EXERCISE OBJECTIVE |
In the records below, find the line holding "I M') (\<lambda>x." and the line holding "define N' where". Set down both, with every line between them, exactly.

■ ■ ■ ■ ■ ■ ■

lemma distr_PiM_componentwise:
  assumes fin: "finite I"
    and M: "\<And>i. i \<in> I \<Longrightarrow> prob_space (M i)"
    and M': "\<And>i. i \<in> I \<Longrightarrow> prob_space (M' i)"
    and f[measurable]: "\<And>i. i \<in> I \<Longrightarrow> f i \<in> M i \<rightarrow>\<^sub>M M' i"
  shows "distr (PiM I M) (PiM I M') (\<lambda>x. \<lambda>i\<in>I. f i (x i)) = PiM I (\<lambda>i. distr (M i) (M' i) (f i))"
proof -
  define N where "N = (\<lambda>i. if i \<in> I then M i else return (count_space UNIV) undefined)"
  define N' where "N' = (\<lambda>i. if i \<in> I then M' i else return (count_space UNIV) undefined)"
  define D where "D = (\<lambda>i. if i \<in> I then distr (M i) (M' i) (f i) else return (count_space UNIV) undefined)"
  have [simp]: "PiM I N = PiM I M" "PiM I N' = PiM I M'" "PiM I D = PiM I (\<lambda>i. distr (M i) (M' i) (f i))"
    by (intro PiM_cong; simp add: N_def N'_def D_def)+
  interpret Np: product_prob_space N
    by (rule product_prob_spaceI) (auto simp: N_def intro!: prob_space_return M)
  interpret Dp: product_prob_space D
    by (rule product_prob_spaceI) (auto simp: D_def intro!: prob_space_return prob_space.prob_space_distr M)
  let ?F = "\<lambda>x. \<lambda>i\<in>I. f i (x i)"
  have "distr (PiM I N) (PiM I N') ?F = PiM I D"
  proof (rule Dp.PiM_eqI[OF fin])
    show "sets (distr (PiM I N) (PiM I N') ?F) = sets (PiM I D)"
      by (auto intro!: sets_PiM_cong simp: N'_def D_def)
  next
    fix A assume A: "\<And>i. i \<in> I \<Longrightarrow> A i \<in> sets (D i)"
    then have A': "\<And>i. i \<in> I \<Longrightarrow> A i \<in> sets (M' i)" by (auto simp: D_def)
    have Fm: "?F \<in> PiM I N \<rightarrow>\<^sub>M PiM I N'"
      unfolding \<open>PiM I N = PiM I M\<close> \<open>PiM I N' = PiM I M'\<close>
      by (rule measurable_restrict, rule measurable_PiM_component_comp, auto)
    have "emeasure (distr (PiM I N) (PiM I N') ?F) (Pi\<^sub>E I A)
       = emeasure (PiM I N) (?F -` Pi\<^sub>E I A \<inter> space (PiM I N))"
      using A' by (intro emeasure_distr[OF Fm]) (auto simp: N'_def intro!: sets_PiM_I_finite fin)
    also have "?F -` Pi\<^sub>E I A \<inter> space (PiM I N) = Pi\<^sub>E I (\<lambda>i. f i -` A i \<inter> space (M i))"
      by (auto simp: space_PiM PiE_def Pi_def extensional_def N_def)
    also have "emeasure (PiM I N) (Pi\<^sub>E I (\<lambda>i. f i -` A i \<inter> space (M i)))
        = (\<Prod>i\<in>I. emeasure (N i) (f i -` A i \<inter> space (M i)))"
      using A' by (intro Np.emeasure_PiM[OF fin]) (auto simp: N_def)
    also have "\<dots> = (\<Prod>i\<in>I. emeasure (D i) (A i))"
      using A' by (intro prod.cong) (auto simp: N_def D_def emeasure_distr)
    finally show "emeasure (distr (PiM I N) (PiM I N') ?F) (Pi\<^sub>E I A) = (\<Prod>i\<in>I. emeasure (D i) (A i))" .
  qed
  then show ?thesis by simp
qed
(* Consider the stochastic quadratic problem in the context, run with the step decay schedule in the context with $\eta_1\le1/L$. Assume: (1) $H$ is diagonal; (2) $\mathbb{E}_\xi[n_tn_t^\top]=\sigma^2H$ for all $t$; (3) $\lambda_j(w_{0,j}-w_{*,j})^2\neq0$ for every $j=1,\dots,d$, where $\lambda_j$ is the $j$-th diagonal entry of $H$. Then the final iterate satisfies $$\mathbb{E}[f(w_{T+1})-f(w_* )]=\Omega\!\left(\frac{d\sigma^2}{T}\log T\right),$$ that is, it is bounded below by an absolute constant times $\frac{d\sigma^2}{T}\log T$ for all sufficiently large $T$.
   Context: Let $\xi$ be a random data sample, $H(\xi)\in\mathbb{R}^{d\times d}$ a random symmetric matrix and $b(\xi)\in\mathbb{R}^d$ a random vector. Define $f(w,\xi)=\frac12w^\top H(\xi)w-b(\xi)^\top w$ and $f(w)=\mathbb{E}_\xi f(w,\xi)$. Set $H=\mathbb{E}H(\xi)$, assumed positive definite, and $b=\mathbb{E}b(\xi)$, with $w_*=H^{-1}b$. Let $\mu=\lambda_{\min}(H)$ and $L=\lambda_{\max}(H)$. The noise at step $t$ is $n_t=(Hw_t-b)-(H(\xi_t)w_t-b(\xi_t))$, with $\xi_t$ i.i.d. copies of $\xi$. Step decay schedule (Ge et al. 2019). Here $\log$ denotes $\log_2$, and $T$ is such that $\log T$ and $T/\log T$ are integers. For $\ell=0,1,\dots,\log T-1$, $$\eta_t=\eta_1/2^\ell\quad\text{for }t\in\left[1+\ell\tfrac{T}{\log T},\,(\ell+1)\tfrac{T}{\log T}\right].$$ Starting from a deterministic $w_0$, SGD performs $w_{t+1}=w_t-\eta_t(H(\xi_t)w_t-b(\xi_t))$ for $t=1,\dots,T$, with $\eta_0=0$ (equivalently $w_1=w_0$). The final iterate is $w_{T+1}$. *)

theory Defs
  imports "HOL-Probability.Probability" "Jordan_Normal_Form.Char_Poly"
begin
text \<open>At a torus point whose tropicalization has initial set an edge \<open>{\<alpha>, \<beta>}\<close>, the two
  dominant terms of \<open>f\<close> nearly cancel, and those of \<open>x\<^sub>i \<partial>f/\<partial>x\<^sub>i\<close> do not.\<close>
lemma v_deval4_at_edge:
  assumes x: "x \<in> Xtorus f" and init: "init_set v f (trop_pt v x) = {\<alpha>, \<beta>}" and "\<alpha> \<noteq> \<beta>"
    and i: "i \<le> 3" "Poly_Mapping.lookup \<alpha> i \<noteq> Poly_Mapping.lookup \<beta> i"
  shows "deval4 i f x \<noteq> 0" and "v (deval4 i f x) = v (Poly_Mapping.lookup f \<alpha> * monomial4 x \<alpha>) - v (x i)"
proof -
  define t where "t \<gamma> = Poly_Mapping.lookup f \<gamma> * monomial4 x \<gamma>" for \<gamma>
  have keys: "\<alpha> \<in> Poly_Mapping.keys f" "\<beta> \<in> Poly_Mapping.keys f"
    using init unfolding init_set_def by auto
  have "sum t (Poly_Mapping.keys f) = 0"
    using x unfolding t_def Xtorus_def eval4_eq_sum_monomial4 by simp
  moreover have "t \<alpha> \<noteq> 0"
    using keys monomial4_nonzero[OF x] unfolding t_def by (simp add: in_keys_iff)
  moreover have "val_above (v (t \<alpha>)) (t \<gamma>)" if "\<gamma> \<in> Poly_Mapping.keys f - {\<alpha>, \<beta>}" for \<gamma>
  proof -
    have "trop_term v f (trop_pt v x) \<gamma> < trop_term v f (trop_pt v x) \<alpha>"
      using that init by (intro trop_term_less_if_notin_init_set) auto
    moreover have "\<gamma> \<in> Poly_Mapping.keys f" using that by simp
    ultimately show ?thesis
      using keys v_term_eq_trop_term[OF x] unfolding t_def val_above_def by (metis neg_less_iff_less)
  qed
  ultimately have "x i * deval4 i f x \<noteq> 0" and v_xd: "v (x i * deval4 i f x) = v (t \<alpha>)"
    using v_weighted_sum_two_dominant[OF finite_keys keys \<open>\<alpha> \<noteq> \<beta>\<close>, of t] i(2)
    unfolding mult_deval4_eq_sum[OF i(1)] t_def by simp_all
  then show d: "deval4 i f x \<noteq> 0" by simp
  have "v (x i * deval4 i f x) = v (x i) + v (deval4 i f x)"
    using v_mult Xtorus_coord_nonzero[OF x i(1)] d by blast
  then show "v (deval4 i f x) = v (Poly_Mapping.lookup f \<alpha> * monomial4 x \<alpha>) - v (x i)"
    using v_xd unfolding t_def by simp
qed

end

section \<open>Cells of the tropical surface\<close>

lemma closed_trop_term_le: "closed {w. trop_term v f w \<delta> \<le> trop_term v f w \<alpha>}"
proof -
  have "{w. trop_term v f w \<delta> \<le> trop_term v f w \<alpha>} =
      {w. (proj3 \<delta> - proj3 \<alpha>) \<bullet> w \<le> v (Poly_Mapping.lookup f \<delta>) - v (Poly_Mapping.lookup f \<alpha>)}"
    by (auto simp: trop_term_eq_inner inner_diff_left)
  then show ?thesis by (simp add: closed_halfspace_le)
qed

lemma trop_term_le_on_closure_cell:
  assumes "w \<in> closure {w. init_set v f w = S}" "\<alpha> \<in> S" "\<delta> \<in> Poly_Mapping.keys f"
  shows "trop_term v f w \<delta> \<le> trop_term v f w \<alpha>"
proof -
  have "{w. init_set v f w = S} \<subseteq> {w. trop_term v f w \<delta> \<le> trop_term v f w \<alpha>}"
    using assms(2,3) by (auto simp: mem_init_set_iff)
  then have "closure {w. init_set v f w = S} \<subseteq> {w. trop_term v f w \<delta> \<le> trop_term v f w \<alpha>}"
    by (rule closure_minimal) (rule closed_trop_term_le)
  then show ?thesis using assms(1) by blast
qed

lemma trop_term_affine_combination:
  "trop_term v f ((1 + t) *\<^sub>R p - t *\<^sub>R c) \<delta> = (1 + t) * trop_term v f p \<delta> - t * trop_term v f c \<delta>"
  unfolding trop_term_eq_inner by (simp add: inner_diff_right algebra_simps)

■ ■ ■ ■ ■ ■ ■

OUTPUT OF THE EXERCISE |
  shows "distr (PiM I M) (PiM I M') (\<lambda>x. \<lambda>i\<in>I. f i (x i)) = PiM I (\<lambda>i. distr (M i) (M' i) (f i))"
proof -
  define N where "N = (\<lambda>i. if i \<in> I then M i else return (count_space UNIV) undefined)"
  define N' where "N' = (\<lambda>i. if i \<in> I then M' i else return (count_space UNIV) undefined)"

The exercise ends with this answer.